Algo a mencionar en estas notas es que uno de los regresos a México de Pedro Henríquez Ureña fue para casarse, el 23 de mayo 1923, con su novia Isabel, una distinguida dama que era hermana del famoso intelectual, político, filósofo y sindicalista Vicente Lombardo Toledano.
Américo Lugo, el intelectual de “clara mente jurídica y patriótica…con dimensiones de prócer” (como lo definió en una conferencia dictada el 7 agosto de 1991 el profesor Francisco Antonio Avelino) se refirió al Pedro Henríquez Ureña que desparramó su saber en México de esta manera:
“Su nombre es glorioso; su modestia, ejemplar, su patriotismo conmovedor…Es tan dominicano, si cabe decirlo, como nuestra Iglesia Catedral, con quien podría comparársele”. (Américo Lugo. Correspondencia.AGN.Vol.381, julio 2020.Pp.337 y 338).
Como educador y gestor cultural multifacético Pedro Henríquez Ureña llevó a cabo en México una intensa labor de lingüista, incursionando en el estudio de diversas lenguas de las etnias que forman parte de ese vasto país del norte de América.
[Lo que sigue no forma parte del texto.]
(* For every prime $p$ there is a finite solvable algebra $\mathbf A$ with a Malcev term such that $\mathrm{nuP}_{\mathbf A}=\mathsf{nuDet}_p$.
   Context: A finite algebra has finite universe and finitely many basic operations. An $n$-ary circuit over $\mathbf A$ is a DAG with one output node, sources labelled by variables or constants from $A$, gates labelled by basic operations; size is nodes plus edges. A NuDFA over $\mathbf A$ is $(\{t_n\}_{n\ge1},\iota,S)$ with $t_n$ an $n$-ary circuit, $\iota:\{0,1\}\to A$, $S\subseteq A$, accepting $b\in\{0,1\}^n$ iff $t_n(\iota(b_1),\dots,\iota(b_n))\in S$; polynomial size means size of $t_n$ polynomial in $n$; $\mathrm{nuP}_{\mathbf A}$ is the class of languages over $\{0,1\}$ accepted by polynomial-size NuDFAs over $\mathbf A$. A Malcev term is a ternary term $d$ with $d(x,y,y)=d(y,y,x)=x$; solvability is in the sense of commutator theory. An algebraic branching program (ABP) over $\mathrm{GF}(p)$ is a directed acyclic multigraph with one source and one sink whose edges are labelled by variables or constants of $\mathrm{GF}(p)$; it computes the polynomial equal to the sum over all source–sink paths of the product of the edge labels; its size is the number of vertices plus edges. A $\mathrm{BABP}_p$ gate is labelled by an $n$-variate ABP over $\mathrm{GF}(p)$ and an accepting set $T\subseteq\mathrm{GF}(p)$; on Boolean inputs $b\in\{0,1\}^n$ it outputs 1 iff the ABP's polynomial evaluated at $b$ lies in $T$; its size is that of the ABP. $\mathsf{nuDet}_p$ is the class of languages $L\subseteq\{0,1\}^*$ such that for each $n$, $L\cap\{0,1\}^n$ is recognized by a single $\mathrm{BABP}_p$ gate of size polynomial in $n$. *)

theory Defs
  imports Main "HOL-Computational_Algebra.Primes"
begin

text \<open>An algebra with universe a set of naturals (every finite algebra is isomorphic
to one of these) and a finite list of basic operations, each given by its arity and
a function on argument lists.\<close>

record alg =
  univ :: "nat set"
  ops  :: "(nat \<times> (nat list \<Rightarrow> nat)) list"

definition arity :: "alg \<Rightarrow> nat \<Rightarrow> nat" where
  "arity A f = fst (ops A ! f)"

definition opfun :: "alg \<Rightarrow> nat \<Rightarrow> nat list \<Rightarrow> nat" where
  "opfun A f = snd (ops A ! f)"

definition finite_algebra :: "alg \<Rightarrow> bool" where
  "finite_algebra A \<longleftrightarrow> finite (univ A) \<and> univ A \<noteq> {} \<and>
     (\<forall>f < length (ops A). \<forall>xs. length xs = arity A f \<and> set xs \<subseteq> univ A
        \<longrightarrow> opfun A f xs \<in> univ A)"

datatype trm = TV nat | TAp nat "trm list"

fun wf_trm :: "alg \<Rightarrow> trm \<Rightarrow> bool" where
  "wf_trm A (TV i) = True"
| "wf_trm A (TAp f ts) = (f < length (ops A) \<and> length ts = arity A f \<and> (\<forall>t\<in>set ts. wf_trm A t))"

fun trm_vars :: "trm \<Rightarrow> nat set" where
  "trm_vars (TV i) = {i}"
| "trm_vars (TAp f ts) = (\<Union>t\<in>set ts. trm_vars t)"

fun teval :: "alg \<Rightarrow> (nat \<Rightarrow> nat) \<Rightarrow> trm \<Rightarrow> nat" where
  "teval A env (TV i) = env i"
| "teval A env (TAp f ts) = opfun A f (map (teval A env) ts)"

definition malcev_term :: "alg \<Rightarrow> trm \<Rightarrow> bool" where
  "malcev_term A d \<longleftrightarrow> wf_trm A d \<and> trm_vars d \<subseteq> {0,1,2} \<and>
     (\<forall>x\<in>univ A. \<forall>y\<in>univ A.
        teval A (\<lambda>i. [x,y,y] ! i) d = x \<and> teval A (\<lambda>i. [y,y,x] ! i) d = x)"

definition has_malcev_term :: "alg \<Rightarrow> bool" where
  "has_malcev_term A \<longleftrightarrow> (\<exists>d. malcev_term A d)"

definition congruence :: "alg \<Rightarrow> (nat \<times> nat) set \<Rightarrow> bool" where
  "congruence A \<theta> \<longleftrightarrow> equiv (univ A) \<theta> \<and>
     (\<forall>f < length (ops A). \<forall>xs ys. length xs = arity A f \<and> length ys = arity A f \<and>
        (\<forall>i < arity A f. (xs ! i, ys ! i) \<in> \<theta>) \<longrightarrow> (opfun A f xs, opfun A f ys) \<in> \<theta>)"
En sus estudios filológicos, leyendo algunas de las novelas del escritor y médico jalisciense Mariano Azuela González, descubrió que la frase habitual o muletilla que en otros lugares de América significa “no más” en México equivale a ¡Justo! ¡Insista! ¡Persista!
También publicó las notables diferencias fonéticas y gramaticales que hay entre México y varios países de la América hispana y regiones de España con, por ejemplo, el uso de la “s”.
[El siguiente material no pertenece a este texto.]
lemma e_orthonormal: "orthonormal_on e support" using eigen_decomp_orthonormal_on[OF decomp] by (simp add: support_def)
lemma l_nonneg: "l j \<ge> 0" using decomp unfolding eigen_decomp_def by blast
lemma e_norm: "norm (e j) = 1" using decomp unfolding eigen_decomp_def by blast
lemma e_eigen: "l j > 0 \<Longrightarrow> A (e j) = scaleR (l j) (e j)" using decomp unfolding eigen_decomp_def by blast
lemma A_series: "(\<lambda>j. scaleR (l j) (butterfly (e j) x)) sums A x" using decomp unfolding eigen_decomp_def by blast

sublocale ee: orthonormal_pair e e support using e_orthonormal by unfold_locales

lemma bounded_clinear_supp_proj: "bounded_clinear supp_proj" unfolding supp_proj_def by (rule ee.bounded_clinear_transfer)

lemma cinner_supp_proj: "i \<in> support \<Longrightarrow> cinner (e i) (supp_proj x) = cinner (e i) x"
  unfolding supp_proj_def by (rule ee.cinner_transfer)

lemma supp_proj_idem: "supp_proj (supp_proj x) = supp_proj x"
  unfolding supp_proj_def
  by (rule ee.transfer_eqI) (simp add: ee.cinner_transfer ee.transfer_sums cong: if_cong)

lemma supp_proj_selfadjoint: "cinner (supp_proj x) y = cinner x (supp_proj y)"
  unfolding supp_proj_def by (rule ee.transfer_adjoint)

lemma projection_op_supp_proj: "projection_op supp_proj"
  unfolding projection_op_def selfadjoint_op_def using bounded_clinear_supp_proj supp_proj_idem supp_proj_selfadjoint by auto

lemma supp_proj_A: "supp_proj (A x) = A x"
  unfolding supp_proj_def
proof (rule ee.transfer_eqI)
  have "(if j \<in> support then scaleC (cinner (e j) (A x)) (e j) else 0) = scaleR (l j) (butterfly (e j) x)" for j
  proof (cases "j \<in> support")
    case True
    then have "cinner (e j) (A x) = complex_of_real (l j) * cinner (e j) x"
      using positive_op_selfadjoint[OF posA, of "e j" x] e_eigen[of j]
      by (simp add: support_def cinner_scaleR_left)
    then show ?thesis using True by (simp add: butterfly_def scaleR_scaleC scaleC_scaleC)
  next
    case False then have "l j = 0" using l_nonneg[of j] by (simp add: support_def)
    then show ?thesis using False by simp
  qed
  then show "(\<lambda>j. if j \<in> support then scaleC (cinner (e j) (A x)) (e j) else 0) sums A x"
    using A_series[of x] by simp
qed

lemma supp_proj_e: "j \<in> support \<Longrightarrow> supp_proj (e j) = e j"
  unfolding supp_proj_def by (rule ee.transfer_basis)

lemma range_supp_proj: "range supp_proj = closure (range A)"
proof
  show "range supp_proj \<subseteq> closure (range A)"
  proof
    fix z assume "z \<in> range supp_proj"
    then obtain x where z: "z = supp_proj x" by blast
    define p where "p n = (\<Sum>j<n. if j \<in> support then scaleC (cinner (e j) x) (e j) else 0)" for n
    have pl: "p \<longlonglongrightarrow> z" using ee.transfer_sums[of x] unfolding sums_def p_def z supp_proj_def .
    have "p n \<in> range A" for n
    proof -
      have "A (\<Sum>j<n. if j \<in> support then scaleC (cinner (e j) x / complex_of_real (l j)) (e j) else 0) = p n"
        unfolding p_def using positive_opD(1)[OF posA]
      proof (simp add: bounded_clinear_sum, intro sum.cong refl)
        fix j
        show "A (if j \<in> support then scaleC (cinner (e j) x / complex_of_real (l j)) (e j) else 0) =
              (if j \<in> support then scaleC (cinner (e j) x) (e j) else 0)"
          using bounded_clinear_zero[OF positive_opD(1)[OF posA]] bounded_clinearD(2)[OF positive_opD(1)[OF posA]] e_eigen[of j]
          by (auto simp: support_def scaleR_scaleC scaleC_scaleC)
      qed
      then show ?thesis by (metis rangeI)
    qed
    then show "z \<in> closure (range A)" using pl closure_sequential by blast
  qed
  show "closure (range A) \<subseteq> range supp_proj"
  proof (rule closure_minimal)
    show "range A \<subseteq> range supp_proj" using supp_proj_A by (metis image_subsetI rangeI)
    have "range supp_proj = {x. supp_proj x = x}"
      using supp_proj_idem by (auto intro: range_eqI[of _ supp_proj, OF sym])
    moreover have "closed {x. supp_proj x = x}"
      by (rule closed_Collect_eq[OF linear_continuous_on[OF bounded_clinear_bounded_linear[OF bounded_clinear_supp_proj]] continuous_on_id])
    ultimately show "closed (range supp_proj)" by simp
  qed
qed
Incluso Pedro Henríquez Ureña (leyendo los villancicos que la experta en la macro lengua náhualt Sor Juan Inés de la Cruz le dedicó en el siglo XVII a San Pedro Nolasco) hizo un hallazgo de importancia para la cultura mexicana al referir la existencia de “un tocotín mestizo de español y mexicano”. (Observaciones sobre el español de México. Octubre de 1934. Pedro Henríquez Ureña).
Es abundante la bibliografía con relación a la fértil actividad cultural que desarrolló en México Pedro Henríquez Ureña, como se comprobará en la próxima entrega; especialmente destacando los aportes del jurista, filósofo y escritor regiomontano Alfonso Reyes Ochoa, ilustre discípulo en Ciudad de México del primer dominicano universal.